Но, пожалуй, не менее громко, чем голос Бернини-архитектора, зву­чит в соборе св. Петра голос Бернини-скульптора. Как уже сказано, в на­чале главного нефа, в пределах паперти, поставлена конная статуя, изоб­ражающая императора Константина с устремленной вверх, к небесному видению, головой, верхом на вздыбленном коне, на фоне огромного, выполненного из искусственного мрамора полотнища-знамени, покрытого сложным резным узором и как бы колеблемого стремительным вихрем. Противоположный конец главного нефа замыкается «Кафедрой св. Пе­тра» — сложнейшим многоярусным построением высотой в целых 30 ме­тров, с шестиметровыми бронзовыми статуями святых в нижней части сооружения, с барельефом, украшающим спинку золоченого трона, — в центре, с многочисленными фигурами стоящих, парящих и несущихся в разные стороны ангелов и путти, с декоративными клубящимися обла­ками, пучками золотых лучей, картушами, волютами, эмблемами, орна­ментальными узорами, сияющим голубем и еще множеством других ал­легорических и декоративных атрибутов.

По пути от начала главного нефа к «Табернаклю» и «Кафедре» рас­положены многочисленные собственно скульптурные композиции Бер-нини — надгробия в капеллах и статуи в нишах. Громадное надгробие папы Урбана VIII — одного из усердных заказчиков Бернини — предста­вляет собой классический образец мемориальной скульптуры барокко. Бернини создал здесь своего рода эталон церковного надгробного мону­мента. Для надгробия одного из наиболее властных князей церкви моби­лизованы не только самые разнообразные средства пластической выра­зительности, но и сильно действующие средства театрально-декоратив­ного характера.

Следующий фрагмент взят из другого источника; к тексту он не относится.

(* Let $\pi_1,\pi_2,\pi_3$ be Borel probability measures on $[0,\infty)$ such that $\mu=\pi_1\times\pi_2\times\pi_3$ satisfies $R\mu=\mu$, where $R(r,s,t)=(t+[r-s]^+,\,t+[s-r]^+,\,r\wedge s)$. Let $S$ be a finite hexagonal domain, and generate the flow field $\eta$ on $\mathbb{E}(\bar S)$ from the following independent families: - inputs on the ascending incoming edges, i.i.d. with law $\pi_1$; - inputs on the descending incoming edges, i.i.d. with law $\pi_2$; - births $(\xi_y)_{y\in S}$, i.i.d. with law $\pi_3$. Then the family of outputs $(\eta(e))$, over all outgoing edges $e$ of $S$, consists of independent random variables. Moreover $\eta(e)$ has law $\pi_1$ for every ascending outgoing edge $e$, and law $\pi_2$ for every descending outgoing edge $e$.
   Context: Lattice and edges. $\tilde{\mathbb{Z}}^2=\{(t,x)\in\mathbb{Z}^2:t+x\text{ even}\}$; edges join points at Euclidean distance $\sqrt2$. For $y=(t,x)$ write - $e^\nearrow_y=\langle(t,x),(t+1,x+1)\rangle$, - $e^\searrow_y=\langle(t,x),(t+1,x-1)\rangle$, - $e^\swarrow_y=\langle(t-1,x-1),(t,x)\rangle$, - $e^\nwarrow_y=\langle(t-1,x+1),(t,x)\rangle$. Hexagonal domain. A finite hexagonal domain is a set $S=\{(t,x)\in\tilde{\mathbb{Z}}^2: t_0\le t\le t_1,\ x_{t,-}\le x\le x_{t,+}\}$ where: - $t_0<t_1$ are integers; - $x_{t,-}\le x_{t,+}$ are integers with $t+x_{t,\pm}$ even; - for some $t^\pm_{01}\in[t_0,t_1]$ one has $x_{t+1,\pm}-x_{t,\pm}=\pm1$ for $t_0\le t<t^\pm_{01}$, and $x_{t+1,\pm}-x_{t,\pm}=\mp1$ for $t^\pm_{01}\le t<t_1$. Associated sets and edge types. $\bar S$ is $S$ together with all lattice points joined by an edge to a point of $S$, and $\mathbb{E}(\bar S)$ is the set of edges with an endpoint in $S$. - An incoming edge is $\langle y',y\rangle$ with $y\in S$, $y'\notin S$, $t(y')=t(y)-1$. It is ascending if it is $e^\swarrow_y$ and descending if it is $e^\nwarrow_y$. - An outgoing edge is $\langle y,y'\rangle$ with $y\in S$, $y'\notin S$, $t(y')=t(y)+1$. It is ascending if it is $e^\nearrow_y$ and descending if it is $e^\searrow_y$. Generated flow field. Defined recursively in increasing $t$: for $y\in S$, with $\zeta^+_y=\eta(e^\swarrow_y)$ and $\zeta^-_y=\eta(e^\nwarrow_y)$ (inputs or previously defined values), set $$\eta(e^\nearrow_y)=\xi_y+[\zeta^+_y-\zeta^-_y]^+,\qquad \eta(e^\searrow_y)=\xi_y+[\zeta^-_y-\zeta^+_y]^+.$$ *)

theory Defs
  imports "HOL-Probability.Probability"
begin

text \<open>Lattice points are pairs (t, x) of integers; an edge is represented by the pair
  (lower endpoint, upper endpoint), the lower endpoint having time coordinate one less.\<close>

type_synonym point = "int \<times> int"
type_synonym edge = "point \<times> point"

На цоколе из мрамора установлен мраморный же саркофаг, по углам цоколя размещены аллегорические фигуры — «Спра­ведливость» и «Милосердие», изваянные в сильных движениях и патети­ческих позах. На крышке саркофага, изогнутой в форме двух волют, вос­седает крылатый скелет, чертящий надгробную надпись на доске из черного мрамора, а над всей группой на высоком, сильно профилирован­ном постаменте высится гигантская фигура папы, сидящего на троне, в тиаре и торжественном одеянии верховного жреца, с широким благосло­вляющим жестом правой руки.

По той же примерно схеме построено и другое берниниевское над­гробие — папы Александра VII. И здесь аллегорические фигуры, числом четыре, — у подножия монумента; саркофаг спрятан внутри сооружения; над низкой дверью, частью прикрывая ее,— масса цветного мрамора в виде тяжелой ткани, падающей в глубоких складках на портал склепа, и из этой массы, наполовину укутанный ею, виднеется скелет, держащий в протянутой руке песочные часы; папа, мраморная фигура которого вен­чает весь монумент, изображен в молитвенном коленопреклонении, ли­цом к зрителю.

В обоих надгробиях применены многообразные декоративные эф­фекты: белизна мрамора становится особенно интенсивной среди массы цветного камня. Неожиданное соседство «живых» изваяний со скеле­том, бронза и позолота геральдических картушей, игра складок тяжелых папских мантий, узоры шитья, орнаменты регалий —все это призвано ошеломить зрителя. Аллегорические фигуры трактуются не как ней­тральные олицетворения той или иной общей идеи, а как активные участники действия: эти фигуры, показанные в стремительных поворо­тах, с выразительной мимикой и экзальтированными жестами, как будто выражают идею надгробия, разыгрывают перед зрителем немые, сцены оплакивания и прославления.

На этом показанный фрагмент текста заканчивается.